Friday, February 15, 2008
Reach for the stars
So there I was, ten minutes early for my gym-yoga class (it's not the real thing, but it's cheap) . Sitting there in the pleasantly dark quiet room I had a good stretch and contemplated the recent misery that was a four mile run I had just barely completed. Hamstrings, quads, can I really endure this? Calves, glutes, really, I just don't see it happening.
The doors opened, and he walked in like he owned the place: Gym-yoga man. He gave me a long-enough-to-be-mildly-awkward look and an almost-too-genuine-to-be-real smile, then whooshed his mat down in his usual spot, right at the front of the room, right in the center. He took off his shirt, revealing a lithe, sinewy torso and had a seat.
A few minutes later, our instructor joined us. She's not a bad instructor, especially for gym-yoga, and has a nice calm voice and face. She walked to the front of the room and began setting herself up for the class. Despite wearing only bike shorts and a tiny camisole, she didn't look provocative--she's just little.
Gym-yoga instructor and Gym-yoga man started talking to each other. She asked "So, you going to do it this year?" He responded "Oh, I'm not sure...I did it last year, or was that the year before?" It soon became clear to me that they were talking about the Salt Lake Marathon, which will be on April 19 this year. It seemed from their conversation (upon which I was unabashedly eavesdropping, don't judge me) that they had both run it before, liked the course, etc. As they continued, I became convinced that they run marathons every fortnight. "Did you do the St. George?" "Oh, yeah, a couple of times. So many hills!" "Uh-huh! But not as bad as Park City, I've done that one twice." It seemed like they weren't even quite sure how many marathons they had run, poor dears.
I was, needless to say, incredulous. These were yoga people. They were nimble and flexible and strong. (Although a triceps push up is easier when you only weight ninety pounds. Just sayin'.) Their bodies were to be respected. But now they were runners too? Marathoners?! Cavalier marathoners?!?! What was this world coming to?
I have thought about them quite a bit since then. I wonder what it would be like to exist in such a body. To think, I like yoga- why not become an instructor? Or, when invited to go for a bike ride, to simply say "Sure!" rather than "Will there be any hills?". To live in a body like that must be (to reveal my own predilections) a piece of cake. Such utility! Such ease! Such fun! Why, it must be heaven!
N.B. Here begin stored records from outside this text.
lemma nn_integral_normal2:
  fixes f :: "real \<times> real \<Rightarrow> ennreal"
  assumes s: "\<sigma> > 0" and [measurable]: "f \<in> borel_measurable (lborel \<Otimes>\<^sub>M lborel)"
  shows "(\<integral>\<^sup>+ p. f p \<partial>normal2 \<sigma>)
       = (\<integral>\<^sup>+ p. ennreal (exp (- ((fst p)\<^sup>2 + (snd p)\<^sup>2) / (2 * \<sigma>\<^sup>2)) / (2 * pi * \<sigma>\<^sup>2)) * f p \<partial>(lborel \<Otimes>\<^sub>M lborel))"
proof -
  have density: "normal2 \<sigma> = density (lborel \<Otimes>\<^sub>M lborel)
      (\<lambda>(x, y). ennreal (normal_density 0 \<sigma> x) * ennreal (normal_density 0 \<sigma> y))"
    unfolding normal2_def using s
    by (intro pair_measure_density)
       (auto intro!: prob_space_imp_sigma_finite prob_space_normal_density lborel.sigma_finite_measure_axioms)
  have "ennreal (normal_density 0 \<sigma> a) * ennreal (normal_density 0 \<sigma> b)
      = ennreal (exp (- (a\<^sup>2 + b\<^sup>2) / (2 * \<sigma>\<^sup>2)) / (2 * pi * \<sigma>\<^sup>2))" for a b
    by (subst ennreal_mult[symmetric]) (auto simp only: normal_density_mult_normal_density[OF s] normal_density_nonneg)
  then show ?thesis
    unfolding density by (subst nn_integral_density) (auto intro!: nn_integral_cong)
qed

lemma normal2_outside_disc:
  assumes s: "\<sigma> > 0" and T: "T \<ge> 0"
  shows "(\<integral>\<^sup>+ p. indicator {p. T < (fst p)\<^sup>2 + (snd p)\<^sup>2} p \<partial>normal2 \<sigma>) = ennreal (exp (- T / (2 * \<sigma>\<^sup>2)))"
proof -
  have v: "2 * \<sigma>\<^sup>2 > 0" using s by simp
  have "(\<integral>\<^sup>+ p. indicator {p. T < (fst p)\<^sup>2 + (snd p)\<^sup>2} p \<partial>normal2 \<sigma>)
     = (\<integral>\<^sup>+ p. ennreal (1 / (2 * pi * \<sigma>\<^sup>2)) * gauss_outside (2 * \<sigma>\<^sup>2) T p \<partial>(lborel \<Otimes>\<^sub>M lborel))"
    using s by (subst nn_integral_normal2)
      (auto intro!: nn_integral_cong simp: gauss_outside_def ennreal_mult[symmetric] split: split_indicator)
  also have "\<dots> = ennreal (1 / (2 * pi * \<sigma>\<^sup>2)) * ennreal (2 * \<sigma>\<^sup>2 * pi * exp (- T / (2 * \<sigma>\<^sup>2)))"
    by (subst nn_integral_cmult) (auto simp: nn_integral_gauss_outside[OF v T])
  also have "\<dots> = ennreal (exp (- T / (2 * \<sigma>\<^sup>2)))"
    using s by (simp add: ennreal_mult''[symmetric])
  finally show ?thesis .
qed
When I lived in Uganda, strangers looked at my zaftig white face and shamelessly approached me to ask if I would sponsor their children's education. Grown men I had never seen before asked me to buy them sodas. Whenever I went out to eat with a friend, I picked up the tab. If we took a taxi, I picked up that tab, too. And why not? I could afford it. I presume they marveled at my financial nonchalance. Such utility! Such ease! Such fun! Why, they thought, that out-of-breath white woman must be in heaven!
And so I was. It is indeed a pleasure to have something (anything) handed to you on a silver platter. Perhaps part of the fun is that because you didn't even have to work for it, you don't even have to appreciate it. It's just your's; you can have it. For nothing.
I have a friend whose life began in circumstances similar to those I saw in Uganda. Now he is in the US Navy, living in Hawaii with his family. He worked hard, harder than I will ever ever know, moved to America, graduated from college, and continues to work to support his family back home, and his growing family in the US. It wasn't easy, but he did it. It wasn't handed to him, but now he has it. Townhouse, station wagon, leather couches, you name it.
If you will excuse me, I have six miles to jog.